I opened my eyes again. Sat up. That tightness in my chest wasn’t easing any. “Because I came to see her,” I said. “I triggered her memories of Erin Lincoln?”
He looked at me intently. “This wasn’t your fault, Erin. None of this was your fault.”
I knew he was waiting for me to break; he’d been waiting for it since they found me. Waiting for me to burst into tears so he’d have some idea how to fix things. Hold me close, let me cry it out of my system.
“I know that,” I said. My eyes had never been drier.
“Whoever killed Max and Rainier…” he began.
“I don’t know who it was,” I lied. “It doesn’t matter anyway, does it? They’re dead. Whoever killed them is long gone, and—let’s face it—he did the world a favor, anyway.”
“So it wasn’t your father, then?”
I looked at him. “No, it wasn’t my father. Why would you think that? My father’s long gone. On the run, who knows where.”
He didn’t say anything to that. It looked like he wanted to, though.
“Jack—”
Before I could pursue the subject, there was a knock on the door. A pretty blonde woman walked in with a duffle bag over one shoulder, leading a giant white pit bull. Juarez got up with unmistakable relief, greeting the woman with a smile. And a hug.
Huh.
“Erin, this is Jamie Flint. She was the one who headed up the team looking for you that night.”
“Just the dogs,” she corrected him. “I just head up the dogs. I’m useless with people. Am I interrupting…?”
“No,” Juarez said quickly. “Come in. I was just telling Erin how things were going. What we’d found.”
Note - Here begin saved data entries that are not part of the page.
lemma exists_balanced_code:
  assumes "0 < d"
  obtains F where "F \<subseteq> {T. T \<subseteq> {..<2 * n} \<and> card T = n}"
    and "(2 * n) choose n \<le> (\<Sum>k<d. (n choose k)\<^sup>2) * card F"
    and "\<And>S T. S \<in> F \<Longrightarrow> T \<in> F \<Longrightarrow> S \<noteq> T \<Longrightarrow> d \<le> card (S - T)"
proof -
  define U where "U = {T. T \<subseteq> {..<2 * n} \<and> card T = n}"
  have "U \<subseteq> Pow {..<2 * n}"
    by (auto simp: U_def)
  then have "finite U"
    by (rule finite_subset) simp
  have refl: "card (S - S) < d" for S :: "nat set"
    using assms by simp
  have sym: "card (T - S) < d" if "S \<in> U" "T \<in> U" "card (S - T) < d" for S T
  proof -
    have "finite S" "finite T"
      using that(1,2) finite_subset[OF _ finite_lessThan] by (auto simp: U_def)
    then show ?thesis
      using that card_Diff_commute[of S T] by (simp add: U_def)
  qed
  have degree: "card {T \<in> U. card (S - T) < d} \<le> (\<Sum>k<d. (n choose k)\<^sup>2)" if "S \<in> U" for S
    using card_near_subsets_le[of "{..<2 * n}" S n d] that by (simp add: U_def conj_assoc)
  obtain F where F: "F \<subseteq> U" "card U \<le> (\<Sum>k<d. (n choose k)\<^sup>2) * card F"
    and independent: "\<And>S T. S \<in> F \<Longrightarrow> T \<in> F \<Longrightarrow> S \<noteq> T \<Longrightarrow> \<not> card (S - T) < d"
    using exists_independent_set[of U "\<lambda>S T. card (S - T) < d", OF \<open>finite U\<close> refl sym degree]
    by blast
  have "card U = (2 * n) choose n"
    by (simp add: U_def n_subsets)
  then show ?thesis
    using that[of F] F independent by (simp add: U_def not_less)
qed

section \<open>A local bound on the binomial distribution\<close>

definition binomial_prob :: "nat \<Rightarrow> real \<Rightarrow> nat \<Rightarrow> real" where
  "binomial_prob n p j = real (n choose j) * p ^ j * (1 - p) ^ (n - j)"
(* Let $\pi$ be a set of primes, $G$ a finite group with the property $C_\pi$, $A$ a normal subgroup of $G$, $H$ a $\pi$-Hall subgroup of $G$, and assume $HA\trianglelefteq G$. Then $k_\pi^G(A)=k_\pi^{HA}(A)$.
   Context: All groups are finite. A subgroup $H$ of $G$ is a $\pi$-Hall subgroup if all prime divisors of $|H|$ lie in $\pi$ and no prime divisor of $|G:H|$ lies in $\pi$. $G$ has the property $E_\pi$ if it contains a $\pi$-Hall subgroup; $G$ has the property $C_\pi$ if it has $E_\pi$ and any two $\pi$-Hall subgroups of $G$ are conjugate in $G$. For a subnormal subgroup $A$ of a group $G$ with property $E_\pi$, a $G$-induced $\pi$-Hall subgroup of $A$ is a subgroup $K\cap A$ with $K$ a $\pi$-Hall subgroup of $G$; an $A$-class of $G$-induced $\pi$-Hall subgroups is a set $\{(K\cap A)^x\mid x\in A\}$ with $K$ a $\pi$-Hall subgroup of $G$; and $k_\pi^G(A)$ denotes the number of distinct $A$-classes of $G$-induced $\pi$-Hall subgroups of $A$. *)

theory Defs
  imports "HOL-Algebra.Algebra" "HOL-Computational_Algebra.Primes"
begin

definition pi_hall :: "('a, 'b) monoid_scheme \<Rightarrow> nat set \<Rightarrow> 'a set \<Rightarrow> bool" where
  "pi_hall G \<pi> H \<longleftrightarrow> subgroup H G
     \<and> (\<forall>p. Factorial_Ring.prime p \<and> p dvd card H \<longrightarrow> p \<in> \<pi>)
     \<and> (\<forall>p. Factorial_Ring.prime p \<and> p dvd card (rcosets\<^bsub>G\<^esub> H) \<longrightarrow> p \<notin> \<pi>)"

definition E_pi :: "('a, 'b) monoid_scheme \<Rightarrow> nat set \<Rightarrow> bool" where
  "E_pi G \<pi> \<longleftrightarrow> (\<exists>H. pi_hall G \<pi> H)"

definition conj_set :: "('a, 'b) monoid_scheme \<Rightarrow> 'a set \<Rightarrow> 'a \<Rightarrow> 'a set" where
  "conj_set G S y = (\<lambda>z. y \<otimes>\<^bsub>G\<^esub> z \<otimes>\<^bsub>G\<^esub> inv\<^bsub>G\<^esub> y) ` S"

definition C_pi :: "('a, 'b) monoid_scheme \<Rightarrow> nat set \<Rightarrow> bool" where
  "C_pi G \<pi> \<longleftrightarrow> E_pi G \<pi> \<and>
     (\<forall>H K. pi_hall G \<pi> H \<and> pi_hall G \<pi> K \<longrightarrow> (\<exists>g\<in>carrier G. K = conj_set G H g))"

definition induced_class :: "('a, 'b) monoid_scheme \<Rightarrow> 'a set \<Rightarrow> 'a set \<Rightarrow> 'a set set" where
  "induced_class G A K = {conj_set G (K \<inter> A) x | x. x \<in> A}"

definition k_pi :: "('a, 'b) monoid_scheme \<Rightarrow> nat set \<Rightarrow> 'a set \<Rightarrow> nat" where
  "k_pi G \<pi> A = card {induced_class G A K | K. pi_hall G \<pi> K}"

end

theory Submission
  imports Defs
begin

(* Let M = HA.  The theorem says that G and its normal subgroup M produce the same
   A-classes of induced pi-Hall subgroups.  This follows from two observations.
   (1) G and M have exactly the same pi-Hall subgroups.  Since G has C_pi, every
       pi-Hall subgroup of G is a conjugate of H, hence lies in the normal subgroup M,
       and by multiplicativity of indices |G:K| = |G:M| |M:K| it is pi-Hall in M.
       Conversely, |G:M| divides |G:H| and is therefore a pi'-number, so a pi-Hall
       subgroup of M is pi-Hall in G.
   (2) Conjugation by elements of A is computed identically in G and in M, so each
       A-class of induced subgroups is the same set whether read in G or in M. *)

lemma index_tower:
  assumes G: "group G" and fin: "finite (carrier G)"
    and M: "subgroup M G" and K: "subgroup K (G\<lparr>carrier := M\<rparr>)"
  shows "card (rcosets\<^bsub>G\<^esub> K) = card (rcosets\<^bsub>G\<^esub> M) * card (rcosets\<^bsub>G\<lparr>carrier := M\<rparr>\<^esub> K)"
proof -
  interpret group G by (rule G)
  have KG: "subgroup K G" using incl_subgroup[OF M K] .
  have "finite K" using KG fin subgroup.subset finite_subset by metis
  moreover have "K \<noteq> {}" using KG subgroup.one_closed by blast
  ultimately have pos: "card K > 0" by (simp add: card_gt_0_iff)
  have "card (rcosets\<^bsub>G\<^esub> K) * card K = order G" using lagrange[OF KG] .
  also have "\<dots> = card (rcosets\<^bsub>G\<^esub> M) * card M" using lagrange[OF M] by simp
  also have "card M = card (rcosets\<^bsub>G\<lparr>carrier := M\<rparr>\<^esub> K) * card K"
    using group.lagrange[OF subgroup.subgroup_is_group[OF M G] K] by (simp add: order_def)
  finally show ?thesis using pos by simp
qed

(* A pi-Hall subgroup of G lying in a subgroup M is a pi-Hall subgroup of M:
   its index in M divides its index in G. *)
lemma pi_hall_restrict:
  assumes G: "group G" and fin: "finite (carrier G)"
    and M: "subgroup M G" and K: "pi_hall G \<pi> K" and KM: "K \<subseteq> M"
  shows "pi_hall (G\<lparr>carrier := M\<rparr>) \<pi> K"
proof -
  have KMs: "subgroup K (G\<lparr>carrier := M\<rparr>)"
    using group.subgroup_incl[OF G _ M KM] K unfolding pi_hall_def by blast
  have "card (rcosets\<^bsub>G\<lparr>carrier := M\<rparr>\<^esub> K) dvd card (rcosets\<^bsub>G\<^esub> K)"
    using index_tower[OF G fin M KMs] by simp
  then show ?thesis using K KMs unfolding pi_hall_def by (meson dvd_trans)
qed

(* Conversely, if M contains some pi-Hall subgroup H of G, then |G:M| divides |G:H| and
   is a pi'-number, so every pi-Hall subgroup of M is a pi-Hall subgroup of G. *)
lemma pi_hall_extend:
  assumes G: "group G" and fin: "finite (carrier G)"
    and M: "subgroup M G" and H: "pi_hall G \<pi> H" and HM: "H \<subseteq> M"
    and K: "pi_hall (G\<lparr>carrier := M\<rparr>) \<pi> K"
  shows "pi_hall G \<pi> K"
proof -
  have KMs: "subgroup K (G\<lparr>carrier := M\<rparr>)" using K unfolding pi_hall_def by blast
  have HMs: "subgroup H (G\<lparr>carrier := M\<rparr>)"
    using group.subgroup_incl[OF G _ M HM] H unfolding pi_hall_def by blast
  have M_pi': "p \<notin> \<pi>" if "Factorial_Ring.prime p" "p dvd card (rcosets\<^bsub>G\<^esub> M)" for p
  proof -
    have "p dvd card (rcosets\<^bsub>G\<^esub> H)" using that(2) index_tower[OF G fin M HMs] by simp
    then show ?thesis using H that(1) unfolding pi_hall_def by blast
  qed
  have "p \<notin> \<pi>" if p: "Factorial_Ring.prime p" "p dvd card (rcosets\<^bsub>G\<^esub> K)" for p
  proof -
    have "p dvd card (rcosets\<^bsub>G\<^esub> M) \<or> p dvd card (rcosets\<^bsub>G\<lparr>carrier := M\<rparr>\<^esub> K)"
      using p index_tower[OF G fin M KMs] prime_dvd_mult_iff by metis
    then show ?thesis using M_pi' K p(1) unfolding pi_hall_def by blast
  qed
  then show ?thesis using K group.incl_subgroup[OF G M KMs] unfolding pi_hall_def by blast
qed

(* In a C_pi group, a normal subgroup containing one pi-Hall subgroup contains all of
   them, because they are all conjugate. *)
lemma pi_hall_in_normal_overgroup:
  assumes G: "group G" and C: "C_pi G \<pi>"
    and H: "pi_hall G \<pi> H" and M: "M \<lhd> G" and HM: "H \<subseteq> M"
    and K: "pi_hall G \<pi> K"
  shows "K \<subseteq> M"
proof
  fix k assume "k \<in> K"
  obtain g where g: "g \<in> carrier G" "K = conj_set G H g"
    using C H K unfolding C_pi_def by blast
  then obtain h where "h \<in> H" "k = g \<otimes>\<^bsub>G\<^esub> h \<otimes>\<^bsub>G\<^esub> inv\<^bsub>G\<^esub> g"
    using \<open>k \<in> K\<close> unfolding conj_set_def by auto
  then show "k \<in> M" using normal.inv_op_closed2[OF M g(1)] HM by auto
qed

lemma pi_hall_normal_overgroup_iff:
  assumes G: "group G" and fin: "finite (carrier G)" and C: "C_pi G \<pi>"
    and H: "pi_hall G \<pi> H" and M: "M \<lhd> G" and HM: "H \<subseteq> M"
  shows "pi_hall (G\<lparr>carrier := M\<rparr>) \<pi> K \<longleftrightarrow> pi_hall G \<pi> K"
  using pi_hall_extend[OF G fin _ H HM] pi_hall_restrict[OF G fin]
    pi_hall_in_normal_overgroup[OF G C H M HM] normal_imp_subgroup[OF M] by blast

(* Conjugating by elements of A gives the same A-classes in G and in any subgroup
   M containing A, since M inherits the multiplication and inverses of G. *)
lemma induced_class_restrict:
  assumes G: "group G" and M: "subgroup M G" and AM: "A \<subseteq> M"
  shows "induced_class (G\<lparr>carrier := M\<rparr>) A K = induced_class G A K"
proof -
  have "conj_set (G\<lparr>carrier := M\<rparr>) (K \<inter> A) x = conj_set G (K \<inter> A) x" if "x \<in> A" for x
    using group.m_inv_consistent[OF G M] that AM unfolding conj_set_def by auto
  then show ?thesis unfolding induced_class_def by blast
qed

lemma subgroups_in_set_mult:
  assumes G: "group G" and H: "subgroup H G" and A: "subgroup A G"
  shows "H \<subseteq> H <#>\<^bsub>G\<^esub> A" and "A \<subseteq> H <#>\<^bsub>G\<^esub> A"
proof -
  show "H \<subseteq> H <#>\<^bsub>G\<^esub> A"
  proof
    fix h assume "h \<in> H"
    then have "h \<otimes>\<^bsub>G\<^esub> \<one>\<^bsub>G\<^esub> \<in> H <#>\<^bsub>G\<^esub> A"
      unfolding set_mult_def using subgroup.one_closed[OF A] by blast
    then show "h \<in> H <#>\<^bsub>G\<^esub> A"
      using \<open>h \<in> H\<close> subgroup.mem_carrier[OF H] monoid.r_one[OF group.is_monoid[OF G]] by metis
  qed
  show "A \<subseteq> H <#>\<^bsub>G\<^esub> A"
  proof
    fix a assume "a \<in> A"
    then have "\<one>\<^bsub>G\<^esub> \<otimes>\<^bsub>G\<^esub> a \<in> H <#>\<^bsub>G\<^esub> A"
      unfolding set_mult_def using subgroup.one_closed[OF H] by blast
    then show "a \<in> H <#>\<^bsub>G\<^esub> A"
      using \<open>a \<in> A\<close> subgroup.mem_carrier[OF A] monoid.l_one[OF group.is_monoid[OF G]] by metis
  qed
qed

theorem lemma7:
  fixes G :: "('a, 'b) monoid_scheme" and \<pi> :: "nat set" and A H :: "'a set"
  assumes "group G" and "finite (carrier G)"
    and "\<forall>p\<in>\<pi>. Factorial_Ring.prime p"
    and "C_pi G \<pi>"
    and "A \<lhd> G"
    and "pi_hall G \<pi> H"
    and "(H <#>\<^bsub>G\<^esub> A) \<lhd> G"
  shows "k_pi G \<pi> A = k_pi (G\<lparr>carrier := H <#>\<^bsub>G\<^esub> A\<rparr>) \<pi> A"
proof -
  define M where "M = H <#>\<^bsub>G\<^esub> A"
  have M_normal: "M \<lhd> G" using assms(7) M_def by simp
  have HM: "H \<subseteq> M" and AM: "A \<subseteq> M"
    using subgroups_in_set_mult[OF assms(1) _ normal_imp_subgroup[OF assms(5)]] assms(6)
    unfolding M_def pi_hall_def by blast+
  have same_halls: "pi_hall (G\<lparr>carrier := M\<rparr>) \<pi> K \<longleftrightarrow> pi_hall G \<pi> K" for K
    using pi_hall_normal_overgroup_iff[OF assms(1,2,4,6) M_normal HM] .
  have same_classes: "induced_class (G\<lparr>carrier := M\<rparr>) A K = induced_class G A K" for K
    using induced_class_restrict[OF assms(1) normal_imp_subgroup[OF M_normal] AM] .
  show ?thesis unfolding k_pi_def M_def[symmetric] same_halls same_classes ..
qed

end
Jamie looked at me. She wrinkled her nose. “Well, then I’m glad I came. Nobody needs to hear all that shit after what you’ve already been through. I brought Casper here by to meet
you—I heard you like dogs.”
Casper trotted my way. I sat up and greeted her happily, roughing her ears while her thin tail whipped hither and yon.
“She’s a rescue dog? As in sniff-and-rescue?” She put her front paws up on the bed and licked my face, her whole body wriggling now. “I didn’t know bullies were made for that kind of work.”
“Depends on the bully,” Jamie said. “All my dogs are rescues—I travel around, looking for the right ones to work with. Shelters call when they have somebody they think fits the bill. I met Casper; she just seemed to have the nose for it. And she definitely has the spirit.”
I nodded. Something in me that hadn’t been right for days gradually slid back into place. While I was bonding with the dog, Jamie produced one very grimy backpack and a writing bag from her duffle.
“I also wanted to give you this,” she said. “We found them in the search. A lot of the stuff in there has had it, but there was an old journal that I thought you’d probably want back.”
I kept my attention focused on the dog, thinking again of Erin Lincoln. It took a minute before I trusted my voice. “Thank you,” I said.
Jamie took her dog and left shortly thereafter. I closed my eyes, exhausted all over again. Juarez leaned in and kissed my cheek. “Why don’t you get some sleep? I’m just going over to talk to Diggs for a few minutes.” He hesitated. “Have you seen him yet?”
I kept my eyes closed. Shook my head. For the first time since I’d been rescued, I felt tears well somewhere down deep. I stuffed them back down.
“I’ll visit soon,” I said.
“Whenever you’re ready,” Juarez said. “I’m sure he’s anxious to talk to you.”
◊◊◊◊◊
I finally worked up the nerve to see Diggs that night. The hospital was quiet. I wore my favorite pajamas, but decided against bringing his backpack to him. Not yet. My stomach was tight, and the sfeeling of being exposed after I’d been safely shut in my hospital room for two days was unnervingly visceral.